Horses may have looked as though they were slapping through pools at the seaside yesterday, but they were not sinking into the ground as would have happened on sodden turf. If we had needed a demonstration on the advantages of a sand surface, this was it. As Franke Sloothaak, the defending world champion from Germany, said: "You always can ride on sand, whatever the weather."

The grass at Pratoni del Vivaro, where the three-day event was completed on Sunday, is proving more of a problem. All the lorries conveying teams of four horses and their vehicles there for the driving championship had to be towed in by tractor on Monday.

A further deluge yesterday morning delayed the first horse inspection for the driving, which eventually took place at midday. With more rain forecast, it is still possible that the contest (in which 46 competitors from 15 nations are due to take part) will have to be cancelled. That would be a great disappointment for Britain's 63-year-old George Bowman, who has been silver medallist at the last two world championships and was hoping to go one better this week.
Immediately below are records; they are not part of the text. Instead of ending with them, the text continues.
text \<open>Work in the vertical extension \<open>X \<times> \<real>\<close>, whose segments are the graphs of linear
  interpolation along segments of \<open>X\<close>, and let \<open>C\<close> be the hull of the epigraph of \<open>g\<close>
  over \<open>D\<close>. By drop completeness the hull of finitely many points is obtained by joining a
  new point to the hull of the others, so the case \<open>n = 1\<close> of the hypothesis (a segment from
  a point above \<open>g\<close> to a point above \<open>f\<close> stays above \<open>f\<close>) shows by induction that \<open>C\<close>
  lies above the graph of \<open>f\<close>. The lower envelope of the convex set \<open>C\<close> is segment
  convex, and it lies below \<open>g\<close> because \<open>C\<close> contains the graph of \<open>g\<close>.\<close>

subsection \<open>Rulers\<close>

lemma ruler_in: "ruler d l c \<Longrightarrow> c u \<in> l"
  unfolding ruler_def bij_betw_def by auto

lemma ruler_inj: "ruler d l c \<Longrightarrow> c u = c v \<Longrightarrow> u = v"
  unfolding ruler_def bij_betw_def inj_on_def by auto

lemma ruler_surj: "ruler d l c \<Longrightarrow> z \<in> l \<Longrightarrow> \<exists>u. c u = z"
  unfolding ruler_def bij_betw_def by auto

lemma ruler_dist: "ruler d l c \<Longrightarrow> d (c u) (c v) = \<bar>u - v\<bar>"
  unfolding ruler_def by auto

lemma ruler_range:
  assumes "\<And>u v. d (P u) (P v) = \<bar>u - v\<bar>"
  shows "ruler d (range P) P"
proof -
  have "inj P"
  proof
    fix u v assume "P u = P v"
    then show "u = v" using assms[of u v] assms[of u u] by simp
  qed
  then show ?thesis unfolding ruler_def bij_betw_def using assms by simp
qed

lemma abs_diff_additive_imp_convex_comb:
  fixes a b q :: real
  assumes "\<bar>a - b\<bar> = \<bar>a - q\<bar> + \<bar>q - b\<bar>"
  obtains t where "t \<in> {0..1}" "q = (b - a) * t + a"
proof (cases "a = b")
  case True
  then show ?thesis using assms that[of 0] by simp
next
  case False
  define t where "t = (q - a) / (b - a)"
  have "q = (b - a) * t + a" unfolding t_def using False by simp
  moreover have "t \<in> {0..1}"
  proof (cases "a < b")
    case True
    then have "a \<le> q" "q \<le> b" using assms by arith+
    then show ?thesis unfolding t_def using True by (simp add: divide_le_eq_1)
  next
    case False
    then have "b < a" "b \<le> q" "q \<le> a" using \<open>a \<noteq> b\<close> assms by arith+
    then show ?thesis unfolding t_def by (simp add: divide_le_eq_1 zero_le_divide_iff)
  qed
  ultimately show ?thesis using that by blast
qed

lemma ruler_betw_param:
  assumes c: "ruler d l c" and "a \<in> l" "b \<in> l" "z \<in> l" and "d a b = d a z + d z b"
  obtains \<alpha> \<beta> t where "c \<alpha> = a" "c \<beta> = b" "t \<in> {0..1}" "z = c ((\<beta> - \<alpha>) * t + \<alpha>)"
proof -
  obtain \<alpha> \<beta> u where u: "c \<alpha> = a" "c \<beta> = b" "c u = z"
    using ruler_surj[OF c] assms(2-4) by metis
  then have "\<bar>\<alpha> - \<beta>\<bar> = \<bar>\<alpha> - u\<bar> + \<bar>u - \<beta>\<bar>"
    using assms(5) by (simp add: u[symmetric] ruler_dist[OF c])
  then obtain t where "t \<in> {0..1}" "u = (\<beta> - \<alpha>) * t + \<alpha>"
    by (rule abs_diff_additive_imp_convex_comb)
  then show ?thesis using that u by blast
qed

lemma ruler_param_in_seg:
  assumes "l \<in> L" and c: "ruler d l c" and t: "t \<in> {0..1}"
  shows "c ((\<beta> - \<alpha>) * t + \<alpha>) \<in> seg L d (c \<alpha>) (c \<beta>)"
proof (cases "\<alpha> = \<beta> \<or> t = 0 \<or> t = 1")
  case True
  then show ?thesis by (auto simp: seg_def)
next
  case False
  let ?u = "(\<beta> - \<alpha>) * t + \<alpha>"
  have t01: "0 < t" "t < 1" using t False by auto
  have diff: "\<alpha> - ?u = t * (\<alpha> - \<beta>)" "?u - \<beta> = (1 - t) * (\<alpha> - \<beta>)"
    by (simp_all add: algebra_simps)
  then have u: "?u \<noteq> \<alpha>" "?u \<noteq> \<beta>"
    using False t01 by (metis diff_self eq_iff_diff_eq_0 mult_eq_0_iff less_irrefl)+
  have "\<bar>\<alpha> - \<beta>\<bar> = \<bar>\<alpha> - ?u\<bar> + \<bar>?u - \<beta>\<bar>"
  proof -
    have "\<bar>\<alpha> - ?u\<bar> + \<bar>?u - \<beta>\<bar> = t * \<bar>\<alpha> - \<beta>\<bar> + (1 - t) * \<bar>\<alpha> - \<beta>\<bar>"
      unfolding diff abs_mult using t01 by simp
    also have "\<dots> = \<bar>\<alpha> - \<beta>\<bar>" by (subst distrib_right[symmetric]) simp
    finally show ?thesis by (rule sym)
  qed
  then have "d (c \<alpha>) (c \<beta>) = d (c \<alpha>) (c ?u) + d (c ?u) (c \<beta>)"
    unfolding ruler_dist[OF c] .
  moreover have ne: "c \<alpha> \<noteq> c \<beta>" "c \<alpha> \<noteq> c ?u" "c ?u \<noteq> c \<beta>"
    using False u by (metis ruler_inj[OF c])+
  ultimately have "betw L d (c \<alpha>) (c ?u) (c \<beta>)"
    unfolding betw_def using assms(1) ruler_in[OF c] by blast
  then show ?thesis using ne(1) by (simp add: seg_def)
qed

lemma ruler_dist_param:
  assumes c: "ruler d l c"
  shows "d (c \<alpha>) (c ((\<beta> - \<alpha>) * t + \<alpha>)) = \<bar>t\<bar> * d (c \<alpha>) (c \<beta>)"
    and "d (c ((\<beta> - \<alpha>) * t + \<alpha>)) (c \<beta>) = \<bar>1 - t\<bar> * d (c \<alpha>) (c \<beta>)"
proof -
  have "\<alpha> - ((\<beta> - \<alpha>) * t + \<alpha>) = t * (\<alpha> - \<beta>)"
    and "(\<beta> - \<alpha>) * t + \<alpha> - \<beta> = (1 - t) * (\<alpha> - \<beta>)"
    by (simp_all add: algebra_simps)
  then show "d (c \<alpha>) (c ((\<beta> - \<alpha>) * t + \<alpha>)) = \<bar>t\<bar> * d (c \<alpha>) (c \<beta>)"
    and "d (c ((\<beta> - \<alpha>) * t + \<alpha>)) (c \<beta>) = \<bar>1 - t\<bar> * d (c \<alpha>) (c \<beta>)"
    by (simp_all only: ruler_dist[OF c] abs_mult)
qed

lemma ruler_eq_if_dist_eq:
  assumes c: "ruler d l c" and "a \<in> l" "b \<in> l" "z \<in> l" "z' \<in> l" "a \<noteq> b"
    and "d a z = d a z'" "d z b = d z' b"
  shows "z = z'"
proof -
  obtain u v w w' where u: "c u = a" "c v = b" "c w = z" "c w' = z'"
    using ruler_surj[OF c] assms(2-5) by metis
  then have "u \<noteq> v" "\<bar>u - w\<bar> = \<bar>u - w'\<bar>" "\<bar>w - v\<bar> = \<bar>w' - v\<bar>"
    using assms(6-8) by (auto simp: u[symmetric] ruler_dist[OF c])
  then have "w = w'" by arith
  then show ?thesis using u by simp
qed

subsection \<open>Reduced Birkhoff--Beatley systems\<close>

lemma rBB_line_subset: "rBB X L d \<Longrightarrow> l \<in> L \<Longrightarrow> l \<subseteq> X"
  unfolding rBB_def by auto

lemma rBB_line_unique:
  assumes "rBB X L d" "a \<noteq> b" "l \<in> L" "a \<in> l" "b \<in> l" "l' \<in> L" "a \<in> l'" "b \<in> l'"
  shows "l = l'"
proof -
  have "a \<in> X" "b \<in> X" using rBB_line_subset[OF assms(1,3)] assms(4,5) by auto
  then have "\<exists>!l. l \<in> L \<and> a \<in> l \<and> b \<in> l" using assms(1,2) unfolding rBB_def by blast
  then show ?thesis using assms(3-8) by blast
qed

lemma rBB_ruler_through:
  assumes r: "rBB X L d" and "x0 \<in> X" "x1 \<in> X"
  obtains l c \<alpha> \<beta> where "l \<in> L" "ruler d l c" "c \<alpha> = x0" "c \<beta> = x1"
proof -
  obtain y where y: "y \<in> X" "y \<noteq> x0"
    using r unfolding rBB_def by metis
  define w where "w = (if x1 = x0 then y else x1)"
  have "w \<in> X" "w \<noteq> x0" "x1 \<in> {x0, w}" using y assms(3) unfolding w_def by auto
  then obtain l where l: "l \<in> L" "x0 \<in> l" "x1 \<in> l"
    using r assms(2) unfolding rBB_def by blast
  obtain c where c: "ruler d l c" using r l(1) unfolding rBB_def by blast
  obtain \<alpha> \<beta> where "c \<alpha> = x0" "c \<beta> = x1" using ruler_surj[OF c] l by metis
  then show ?thesis using that l(1) c by blast
qed

lemma rBB_dist_self:
  assumes "rBB X L d" "x \<in> X"
  shows "d x x = 0"
proof -
  obtain l c \<alpha> \<beta> where "ruler d l c" "c \<alpha> = x"
    using rBB_ruler_through[OF assms(1,2,2)] by metis
  then show ?thesis using ruler_dist[of d l c \<alpha> \<alpha>] by simp
qed

lemma seg_subset:
  assumes "rBB X L d" "a \<in> X" "b \<in> X"
  shows "seg L d a b \<subseteq> X"
  using assms rBB_line_subset[OF assms(1)] unfolding seg_def betw_def by auto

lemma std_param_same [simp]: "std_param L d x x t = x"
  unfolding std_param_def by simp
(* Let $\mathbf{x}_0$ be a random vector in $\mathbb{R}^n$ with distribution $p(\mathbf{x}_0)$, let $\mathcal E:\mathbb{R}^n\to\mathbb{R}^k$ be an encoder and set $\mathbf{z}_0=\mathcal E(\mathbf{x}_0)$. Let $\mathbf{y}$ be a measurement with conditional distribution $p(\mathbf{y}\mid\mathbf{x}_0)$, and for each time $t$ let $\mathbf{z}_t=\mathbf{z}_0+\sigma_t\boldsymbol{\epsilon}_t$ with $\boldsymbol{\epsilon}_t\sim\mathcal N(\mathbf{0},\mathbf{I})$, where, given $\mathbf{x}_0$, the variables $\mathbf{y}$ and the $\mathbf{z}_t$ for different $t$ are mutually conditionally independent (so $p(\mathbf{z}_t\mid\mathbf{x}_0)=p(\mathbf{z}_t\mid\mathbf{z}_0)=\mathcal N(\mathbf{z}_t;\mathcal E(\mathbf{x}_0),\sigma_t^2\mathbf{I})$). Fix times $t_1,t_2$ and a value of $\mathbf{y}$, and suppose $\mathbf{z}_{t_1}$ is sampled from the time-marginal $p(\mathbf{z}_{t_1}\mid\mathbf{y})$. Then: (i) if $\mathbf{x}_0\sim p(\mathbf{x}_0\mid\mathbf{z}_{t_1},\mathbf{y})$ and then $\mathbf{z}_{t_2}\sim\mathcal N(\mathcal E(\mathbf{x}_0),\sigma_{t_2}^2\mathbf{I})$, i.e. $\mathbf{z}_{t_2}\sim\mathbb E_{\mathbf{x}_0\sim p(\mathbf{x}_0\mid\mathbf{z}_{t_1},\mathbf{y})}[\mathcal N(\mathcal E(\mathbf{x}_0),\sigma_{t_2}^2\mathbf{I})]$, then $\mathbf{z}_{t_2}$ is distributed according to $p(\mathbf{z}_{t_2}\mid\mathbf{y})$; (ii) if $\mathbf{z}_0\sim p(\mathbf{z}_0\mid\mathbf{z}_{t_1},\mathbf{y})$ and then $\mathbf{z}_{t_2}\sim\mathcal N(\mathbf{z}_0,\sigma_{t_2}^2\mathbf{I})$, i.e. $\mathbf{z}_{t_2}\sim\mathbb E_{\mathbf{z}_0\sim p(\mathbf{z}_0\mid\mathbf{z}_{t_1},\mathbf{y})}[\mathcal N(\mathbf{z}_0,\sigma_{t_2}^2\mathbf{I})]$, then $\mathbf{z}_{t_2}$ is also distributed according to $p(\mathbf{z}_{t_2}\mid\mathbf{y})$.
   Context: $\sigma_t\ge 0$ is a noise schedule (noise standard deviation at time $t$); $\mathcal N(\mathbf{m},0\cdot\mathbf{I})$ is understood as the point mass at $\mathbf{m}$. This is the latent-diffusion setting: $\mathbf{z}_t$ is the latent code of clean data perturbed by Gaussian noise of variance $\sigma_t^2$. All conditional distributions $p(\cdot\mid\cdot)$ are those of the joint distribution just described; $p(\mathbf{z}_t\mid\mathbf{y})$ is the conditional law of $\mathbf{z}_t$ given $\mathbf{y}$. *)

theory Defs
  imports "HOL-Probability.Probability"
begin
lemma avgp_reverse_Hoelder_normalized:
  fixes u v :: "complex \<Rightarrow> real"
  assumes [measurable]: "u \<in> borel_measurable lebesgue" "v \<in> borel_measurable lebesgue" "B \<in> sets lebesgue"
    and s: "0 < s" and C: "0 < C"
    and V: "areaint B (\<lambda>z. ennreal (v z)) = ennreal w" "0 < w"
    and a: "avgp 1 v B u = ennreal a" "0 < a"
    and reverse_Hoelder: "avgp 1 v B u \<le> ennreal C * avgp s v B u"
  shows "ennreal w \<le> ennreal (C powr s) * areaint B (\<lambda>z. ennreal ((\<bar>u z\<bar> / a) powr s) * ennreal (v z))"
proof -
  define S where "S = areaint B (\<lambda>z. ennreal (\<bar>u z\<bar> powr s * v z))"
  have normalized: "areaint B (\<lambda>z. ennreal ((\<bar>u z\<bar> / a) powr s) * ennreal (v z)) = ennreal (a powr (-s)) * S"
    unfolding S_def by (rule areaint_powr_divide) auto
  show ?thesis
  proof (cases "S = \<infinity>")
    case True
    then show ?thesis using a C unfolding normalized by (simp add: ennreal_mult_top)
  next
    case False
    then obtain r where r: "S = ennreal r" "0 \<le> r" by (cases S) auto
    have "avgp s v B u = ennreal (r powr (1/s)) / ennreal (w powr (1/s))"
      unfolding avgp_def S_def[symmetric] V r(1) epow_def using r(2) V(2) by simp
    also have "\<dots> = ennreal (r powr (1/s) / w powr (1/s))"
      using V(2) by (intro divide_ennreal) auto
    finally have "ennreal a \<le> ennreal C * ennreal (r powr (1/s) / w powr (1/s))"
      using reverse_Hoelder a(1) by simp
    also have "\<dots> = ennreal (C * (r powr (1/s) / w powr (1/s)))"
      using C by (intro ennreal_mult[symmetric]) auto
    finally have "a \<le> C * (r powr (1/s) / w powr (1/s))"
      using C by (subst (asm) ennreal_le_iff) auto
    then have "w \<le> C powr s * (a powr (-s) * r)"
      by (rule le_of_powr_mean_bound[OF s C a(2) V(2) r(2)])
    then show ?thesis
      unfolding normalized r(1) using a(2) r(2) by (simp add: ennreal_leI ennreal_mult[symmetric])
  qed
qed

lemma good_lambda_avgp:
  fixes u v :: "complex \<Rightarrow> real"
  assumes [measurable]: "u \<in> borel_measurable lebesgue" "v \<in> borel_measurable lebesgue"
      "Q \<in> sets lebesgue" "B \<in> sets lebesgue"
    and BQ: "B \<subseteq> Q" and s: "0 < s" "s < 1" and C: "0 < C" and \<epsilon>: "0 < \<epsilon>" and \<eta>: "0 < \<eta>"
    and \<epsilon>C: "\<epsilon> powr s = 1/(4 * C powr s)" and \<eta>C: "\<eta> powr (1-s) = 1/(4 * C powr s)"
    and V: "areaint B (\<lambda>z. ennreal (v z)) < \<infinity>"
    and reverse_Hoelder: "avgp 1 v B u \<le> ennreal C * avgp s v B u"
    and a: "0 < enn2real (avgp 1 v B u)"
  shows "emeasure (weighted_area v Q) B \<le> ennreal ((1-s)/(2*\<eta>)) *
     emeasure (weighted_area v Q) (B \<inter> {x \<in> space (weighted_area v Q). \<epsilon> * enn2real (avgp 1 v B u) < \<bar>u x\<bar>})"
proof -
  obtain w where w: "areaint B (\<lambda>z. ennreal (v z)) = ennreal w" "0 < w"
      and mean: "areaint B (\<lambda>z. ennreal (\<bar>u z\<bar> * v z)) = ennreal (enn2real (avgp 1 v B u) * w)"
    using avgp_1_finite_positive_cases[OF V a] .
  have avg: "avgp 1 v B u = ennreal (enn2real (avgp 1 v B u))"
    using a by (simp add: ennreal_enn2real_if enn2real_positive_iff less_top)
  have "(\<integral>\<^sup>+x. ennreal \<bar>u x\<bar> * indicator B x \<partial>weighted_area v Q) = ennreal (enn2real (avgp 1 v B u) * w)"
    using BQ mean by (simp add: nn_integral_indicator_weighted_area ennreal_mult'[symmetric])
  moreover have "ennreal w \<le> ennreal (C powr s) *
      (\<integral>\<^sup>+x. ennreal ((\<bar>u x\<bar> / enn2real (avgp 1 v B u)) powr s) * indicator B x \<partial>weighted_area v Q)"
    using avgp_reverse_Hoelder_normalized[OF _ _ _ s(1) C w avg a reverse_Hoelder] BQ
    by (simp add: nn_integral_indicator_weighted_area)
  moreover have "emeasure (weighted_area v Q) B = ennreal w"
    using BQ w(1) by (simp add: emeasure_weighted_area)
  ultimately show ?thesis
    using s C \<epsilon> \<eta> \<epsilon>C \<eta>C a w(2)
    by (intro emeasure_le_superlevel_of_reverse_Hoelder[where K="C powr s"]) auto
qed

section \<open>The dyadic maximal function on a Carleson box\<close>

lemma ennreal_inverse_antimono:
  fixes a b :: ennreal
  assumes "a \<le> b"
  shows "inverse b \<le> inverse a"
proof (cases "a = 0 \<or> b = \<infinity>")
  case True
  then show ?thesis by auto
next
  case False
  then obtain x y where xy: "a = ennreal x" "b = ennreal y" "0 < x" "0 \<le> y"
    using assms by (cases a; cases b) (auto simp: top_unique)
  then have "x \<le> y" using assms by simp
  then show ?thesis
    using xy by (simp add: inverse_ennreal ennreal_leI le_imp_inverse_le)
qed

lemma ennreal_divide_antimono: "(a::ennreal) \<le> b \<Longrightarrow> x / b \<le> x / a"
  unfolding divide_ennreal_def by (rule mult_left_mono[OF ennreal_inverse_antimono]) auto

lemma ennreal_divide_le_of_le_mult:
  fixes x y c :: ennreal
  assumes "x \<le> c * y" "c < \<infinity>"
  shows "x / y \<le> c"
proof (cases "y = 0")
  case True
  then show ?thesis using assms by simp
next
  case False
  then show ?thesis
    using assms by (intro divide_le_posI_ennreal) (auto simp: mult.commute zero_less_iff_neq_zero)
qed

lemma dyadic_max_le_SUP_subboxes:
  fixes u v :: "complex \<Rightarrow> real"
  assumes [measurable]: "u \<in> borel_measurable lebesgue" "v \<in> borel_measurable lebesgue"
    and grid: "dyadic_grid D" and I: "I \<in> D"
    and finite: "areaint (Qbox I) (\<lambda>z. ennreal (\<bar>u z\<bar> * v z)) \<noteq> \<infinity>"
    and z: "z \<in> Qbox I"
  shows "dyadic_max D v (\<lambda>z. u z * indicator (Qbox I) z) z
    \<le> (SUP B\<in>Qbox ` {J\<in>D. Qbox J \<subseteq> Qbox I}. ennreal (enn2real (avgp 1 v B u)) * indicator B z)"
    (is "_ \<le> ?S")
  unfolding dyadic_max_def
proof (rule SUP_least)
  fix J assume "J \<in> {J \<in> D. z \<in> Qbox J}"
  then have J: "J \<in> D" "z \<in> Qbox J" by auto
  have finite_avg: "avgp 1 v B u = ennreal (enn2real (avgp 1 v B u))"
    if "B \<in> sets lebesgue" "B \<subseteq> Qbox I" for B
    using avgp_1_subset_finite[OF _ _ that finite] by (simp add: ennreal_enn2real_if)
  have "avgp 1 v (Qbox J) u * indicator (Qbox J) z \<le> ?S" if "Qbox J \<subseteq> Qbox I"
    using that J by (subst finite_avg) (auto intro!: SUP_upper2[where i="Qbox J"])
  moreover have "avgp 1 v (Qbox I) u * indicator (Qbox I) z \<le> ?S"
    using I z by (subst finite_avg) (auto intro!: SUP_upper2[where i="Qbox I"])
  moreover have "areaint (Qbox I) (\<lambda>z. ennreal (\<bar>u z\<bar> * v z)) / areaint (Qbox J) (\<lambda>z. ennreal (v z))
      \<le> avgp 1 v (Qbox I) u" if "Qbox I \<subseteq> Qbox J"
    unfolding avgp_1 using that by (intro ennreal_divide_antimono areaint_mono_set)
  ultimately show "avgp 1 v (Qbox J) (\<lambda>z. u z * indicator (Qbox I) z) \<le> ?S"
    using dyadic_Qbox_nested_or_null[OF grid I J(1)] J(2) z
    by (auto simp: avgp_1_mult_indicator Int_absorb1 Int_absorb2 Int_commute areaint_null_set avgp_1[symmetric]
        intro: order_trans)
qed

lemma nn_integral_SUP_subboxes_le:
  fixes u v :: "complex \<Rightarrow> real" and C s \<epsilon> \<eta> :: real
  assumes [measurable]: "u \<in> borel_measurable lebesgue" "v \<in> borel_measurable lebesgue"
    and grid: "dyadic_grid D" and I: "I \<in> D"
    and reverse_Hoelder: "\<forall>J\<in>D. avgp 1 v (Qbox J) u \<le> ennreal C * avgp s v (Qbox J) u"
    and s: "0 < s" "s < 1" and C: "0 < C" and \<epsilon>: "0 < \<epsilon>" and \<eta>: "0 < \<eta>"
    and \<epsilon>C: "\<epsilon> powr s = 1/(4 * C powr s)" and \<eta>C: "\<eta> powr (1-s) = 1/(4 * C powr s)"
    and V: "areaint (Qbox I) (\<lambda>z. ennreal (v z)) < \<infinity>"
  shows "(\<integral>\<^sup>+z. (SUP B\<in>Qbox ` {J\<in>D. Qbox J \<subseteq> Qbox I}. ennreal (enn2real (avgp 1 v B u)) * indicator B z)
      \<partial>weighted_area v (Qbox I))
    \<le> ennreal ((1-s)/(2*\<eta>)) * ennreal (2/\<epsilon>) * areaint (Qbox I) (\<lambda>z. ennreal (\<bar>u z\<bar> * v z))"
proof -
  define G where "G = Qbox ` {J\<in>D. Qbox J \<subseteq> Qbox I}"
  let ?M = "weighted_area v (Qbox I)"
  have "(\<integral>\<^sup>+z. (SUP B\<in>G. ennreal (enn2real (avgp 1 v B u)) * indicator B z) \<partial>?M)
      \<le> ennreal ((1-s)/(2*\<eta>)) * ennreal (2/\<epsilon>) * (\<integral>\<^sup>+z. ennreal \<bar>u z\<bar> \<partial>?M)"
  proof (rule nn_integral_SUP_countable_nested_le)
    show "countable G" "G \<subseteq> sets ?M"
      using countable_dyadic_grid[OF grid] by (auto simp: G_def)
    show "\<forall>B\<in>G. \<forall>B'\<in>G. B \<subseteq> B' \<or> B' \<subseteq> B \<or> B \<inter> B' \<in> null_sets ?M"
    proof (intro ballI)
      fix B B' assume "B \<in> G" "B' \<in> G"
      then obtain J J' where "J \<in> D" "J' \<in> D" "B = Qbox J" "B' = Qbox J'" by (auto simp: G_def)
      then show "B \<subseteq> B' \<or> B' \<subseteq> B \<or> B \<inter> B' \<in> null_sets ?M"
        using dyadic_Qbox_nested_or_null[OF grid, of J J'] null_sets_weighted_area[of v "Qbox I"] by auto
    qed
    show "\<forall>B\<in>G. 0 < enn2real (avgp 1 v B u) \<longrightarrow> emeasure ?M B
        \<le> ennreal ((1-s)/(2*\<eta>)) * emeasure ?M (B \<inter> {x \<in> space ?M. \<epsilon> * enn2real (avgp 1 v B u) < \<bar>u x\<bar>})"
    proof (intro ballI impI)
      fix B assume B: "B \<in> G" and a: "0 < enn2real (avgp 1 v B u)"
      then obtain J where J: "J \<in> D" "B = Qbox J" "Qbox J \<subseteq> Qbox I" by (auto simp: G_def)
      have "areaint B (\<lambda>z. ennreal (v z)) < \<infinity>"
        using areaint_mono_set[of B "Qbox I"] V J by (auto intro: le_less_trans)
      then show "emeasure ?M B
          \<le> ennreal ((1-s)/(2*\<eta>)) * emeasure ?M (B \<inter> {x \<in> space ?M. \<epsilon> * enn2real (avgp 1 v B u) < \<bar>u x\<bar>})"
        using J reverse_Hoelder s C \<epsilon> \<eta> \<epsilon>C \<eta>C a by (intro good_lambda_avgp) auto
    qed
  qed (use \<epsilon> in auto)
  also have "(\<integral>\<^sup>+z. ennreal \<bar>u z\<bar> \<partial>?M) = areaint (Qbox I) (\<lambda>z. ennreal (\<bar>u z\<bar> * v z))"
    by (simp add: nn_integral_weighted_area ennreal_mult')
  finally show ?thesis unfolding G_def .
qed
lemma nn_integral_one_minus_cos_ge:
  fixes u y :: real
  assumes u: "u > 0" and y: "1 / u \<le> \<bar>y\<bar>"
  shows "ennreal (u / 2) \<le> (\<integral>\<^sup>+t. ennreal (indicator {0..u} t * (1 - cos (2 * pi * t * y))) \<partial>lborel)"
proof -
  have y0: "y \<noteq> 0" using u y by auto
  define F where "F t = t - sin (2 * pi * t * y) / (2 * pi * y)" for t
  have "(F has_real_derivative 1 - cos (2 * pi * t * y)) (at t within {0..u})" for t
    unfolding F_def using y0 by (auto intro!: derivative_eq_intros)
  then have "((\<lambda>t. 1 - cos (2 * pi * t * y)) has_integral (F u - F 0)) {0..u}"
    using u by (intro fundamental_theorem_of_calculus)
      (auto simp: has_real_derivative_iff_has_vector_derivative)
  then have "(\<integral>\<^sup>+t. ennreal (indicator {0..u} t * (1 - cos (2 * pi * t * y))) \<partial>lborel) = ennreal (F u - F 0)"
    by (intro nn_integral_has_integral_lebesgue) auto
  moreover have "u / 2 \<le> F u - F 0"
  proof -
    have "\<bar>sin (2 * pi * u * y) / (2 * pi * y)\<bar> \<le> 1 / (2 * pi * \<bar>y\<bar>)"
      using y0 by (simp add: abs_divide abs_mult divide_right_mono)
    also have "\<dots> \<le> u / (2 * pi)"
      using y u y0 by (simp add: divide_simps) (simp add: mult.commute)
    also have "\<dots> \<le> u / 2" using u pi_gt3 by (intro divide_left_mono) auto
    finally have "\<bar>sin (2 * pi * u * y) / (2 * pi * y)\<bar> \<le> u / 2" .
    moreover have "F u - F 0 = u - sin (2 * pi * u * y) / (2 * pi * y)" by (simp add: F_def)
    ultimately show ?thesis by linarith
  qed
  ultimately show ?thesis by (simp add: ennreal_leI)
qed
Ronnie Massarella, manager of the Great Britain show jumping team, reported that all his riders and horses are "in very good order". They had stopped at Modena on Sunday evening and schooled their horses there before completing the journey to Rome on Monday.

The British team riders (Geoff Billington, Di Lampard, Nick Skelton and John Whitaker) plus the reserve (James Fisher) came through their training session in the Flaminio Stadium without any problems, despite having to jump in the worst of yesterday morning's fierce deluge.

Massarella reckons that there are 10 good teams here (out of the 19 in contention) and that any one of them could win. "We are among the 10 and we'll certainly be trying, but it's not going to be easy. We could even find it difficult to get into the top six, which would qualify us for the Olympics in Sydney." Though he did not specify the top 10, Massarella would certainly have included the defending champions from Germany among the possible winners of the team title, which will be decided after a two-round Nations Cup-type contest tomorrow.

France, Switzerland, the Netherlands and Brazil would also have to come into the reckoning. But a victory for Britain would come as no surprise to Eric Wauters, the senior member of the Belgian team competing here. "The weather conditions are very English. They could be really strong here," he said.

It has not gone unnoticed by Wauters and most of the other competitors that Skelton and Virtual Village Hopes are High have won three grands prix in succession since they teamed up as a partnership in July. On that reckoning, Skelton is fancied to gain one of the four places in the individual final on Sunday, when the riders compete on their own and each other's horses.

Sloothaak, who became individual champion four years ago in The Hague, has only recently been confirmed as a member of the German team.

His mount, San Patrignano Joly, has been having treatment for an injured back and he would not have been able to compete if the World Games had taken place in August.